… is from page 36 of Jennifer Burns’s 2023 Milton Friedman: The Last Conservative (footnote deleted; link added):
It was appropriate for the entrepreneur to gamble his own resources, because he ultimately bore the responsibilities. But the reformer who did the same with society’s funds faced no such sanction. “It is not too much to say that the very essence of free enterprise is the concentration of responsibility in its two aspects of making decisions and taking the consequences of decisions when put into effect,” he [Frank Knight] claimed. Socialist planners would have neither the incentive to excel nor basic accountability for their actions, he concluded.

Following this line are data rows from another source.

(* Under the standing assumptions, the following are equivalent: (i) there exists $\mathbf c\in\mathbb R^n$ with all $c_j>0$, $c_1=1$ and $\mathbf c^T(I-M_0)>\mathbf 0^T$ (componentwise strict), i.e. the value-feasible domain $\Theta^{val}$ has nonempty interior; (ii) $\lambda_{\max}(M_0)<1$; (iii) $\lambda_{\max}(\tilde A+BL)<1$. Moreover, with non-strict inequalities: $\Theta^{val}\neq\emptyset$ $\iff$ $\lambda_{\max}(M_0)\le 1$ $\iff$ $\lambda_{\max}(\tilde A+BL)\le 1$.
   Context: Fix $n\ge 2$. $A$ and $K$ are $n\times n$ entrywise nonnegative real matrices; $\delta_1,\dots,\delta_n\in(0,1]$, $D=K\,\mathrm{diag}(\delta_1,\dots,\delta_n)$, and $\tilde A=A+D$. $L=\mathrm{diag}(l_1,\dots,l_n)$ with all $l_j>0$. $B$ is an $n\times n$ entrywise nonnegative matrix with no zero column. Standing assumption: $\tilde A$ is irreducible and $\lambda_{\max}(\tilde A)<1$, where $\lambda_{\max}(X)$ denotes the spectral radius of a square matrix $X$. $M_0:=L(I-\tilde A)^{-1}B$. Vector inequalities are componentwise. The value-feasible domain is $\Theta^{val}:=\{\mathbf c\in\mathbb R^n:\ c_j>0\ \forall j,\ c_1=1,\ \mathbf c^T(I-M_0)\ge \mathbf 0^T\}$. *)

theory Defs
  imports "Jordan_Normal_Form.Spectral_Radius" "Jordan_Normal_Form.Gauss_Jordan_Elimination"
begin

definition sr :: "real mat \<Rightarrow> real" where
  "sr X = spectral_radius (map_mat complex_of_real X)"

definition nonneg_mat :: "real mat \<Rightarrow> bool" where
  "nonneg_mat X \<longleftrightarrow> (\<forall>i<dim_row X. \<forall>j<dim_col X. X $$ (i,j) \<ge> 0)"

definition irreducible_mat :: "real mat \<Rightarrow> bool" where
  "irreducible_mat X \<longleftrightarrow>
     (\<forall>i<dim_row X. \<forall>j<dim_row X.
        (i,j) \<in> {(a,b). a < dim_row X \<and> b < dim_row X \<and> X $$ (a,b) \<noteq> 0}\<^sup>+)"

definition diag_of :: "nat \<Rightarrow> (nat \<Rightarrow> real) \<Rightarrow> real mat" where
  "diag_of n d = mat n n (\<lambda>(i,j). if i = j then d i else 0)"
section \<open>Lattices\<close>

lemma partial_order_eqI:
  fixes L :: "('b, 'c) gorder_scheme"
  assumes eq: "eq L = (=)"
    and refl: "\<And>x. x \<in> carrier L \<Longrightarrow> x \<sqsubseteq>\<^bsub>L\<^esub> x"
    and antisym: "\<And>x y. x \<in> carrier L \<Longrightarrow> y \<in> carrier L \<Longrightarrow> x \<sqsubseteq>\<^bsub>L\<^esub> y \<Longrightarrow> y \<sqsubseteq>\<^bsub>L\<^esub> x \<Longrightarrow> x = y"
    and trans: "\<And>x y z. x \<in> carrier L \<Longrightarrow> y \<in> carrier L \<Longrightarrow> z \<in> carrier L \<Longrightarrow>
      x \<sqsubseteq>\<^bsub>L\<^esub> y \<Longrightarrow> y \<sqsubseteq>\<^bsub>L\<^esub> z \<Longrightarrow> x \<sqsubseteq>\<^bsub>L\<^esub> z"
  shows "partial_order L"
  by (intro partial_order.intro weak_partial_order.intro equivalence.intro
      partial_order_axioms.intro weak_partial_order_axioms.intro) (auto simp: eq intro: refl antisym trans)

lemma lattice_of_glb_lub:
  fixes L :: "('b, 'c) gorder_scheme"
  assumes "partial_order L"
    and glb_closed: "\<And>x y. x \<in> carrier L \<Longrightarrow> y \<in> carrier L \<Longrightarrow> glb x y \<in> carrier L"
    and le_glb_iff: "\<And>x y z. x \<in> carrier L \<Longrightarrow> y \<in> carrier L \<Longrightarrow> z \<in> carrier L \<Longrightarrow>
      z \<sqsubseteq>\<^bsub>L\<^esub> glb x y \<longleftrightarrow> z \<sqsubseteq>\<^bsub>L\<^esub> x \<and> z \<sqsubseteq>\<^bsub>L\<^esub> y"
    and lub_closed: "\<And>x y. x \<in> carrier L \<Longrightarrow> y \<in> carrier L \<Longrightarrow> lub x y \<in> carrier L"
    and lub_le_iff: "\<And>x y z. x \<in> carrier L \<Longrightarrow> y \<in> carrier L \<Longrightarrow> z \<in> carrier L \<Longrightarrow>
      lub x y \<sqsubseteq>\<^bsub>L\<^esub> z \<longleftrightarrow> x \<sqsubseteq>\<^bsub>L\<^esub> z \<and> y \<sqsubseteq>\<^bsub>L\<^esub> z"
  shows "lattice L"
proof -
  interpret partial_order L by fact
  show ?thesis
  proof unfold_locales
    fix x y assume xy: "x \<in> carrier L" "y \<in> carrier L"
    have "least L (lub x y) (Upper L {x, y})"
      using xy lub_closed lub_le_iff[of x y "lub x y"] lub_le_iff[of x y]
      by (auto simp: least_def Upper_def)
    then show "\<exists>s. least L s (Upper L {x, y})" ..
    have "greatest L (glb x y) (Lower L {x, y})"
      using xy glb_closed le_glb_iff[of x y "glb x y"] le_glb_iff[of x y]
      by (auto simp: greatest_def Lower_def)
    then show "\<exists>s. greatest L s (Lower L {x, y})" ..
  qed
qed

DBx: Just as proponents of allocating resources by diktat rather than by market signals ignore the question “From where will government officials get the information they need?”, these proponents of resource-allocation-by-diktat also ignore the question “What will incite government officials to act in the public interest?” We’re simply supposed to trust that, by some mysterious or miraculous process, the challenges that each of these questions identify will be overcome.
It’s highly ironic that those persons who clamor for replacing, in whole or in part, market processes with political commands very often accuse those of us who recommend sticking with the market as believing that the market works by magic. In fact, of course, support for market processes rests on sound theory and much empirical evidence. Support of overriding the market rests on nothing but blind faith.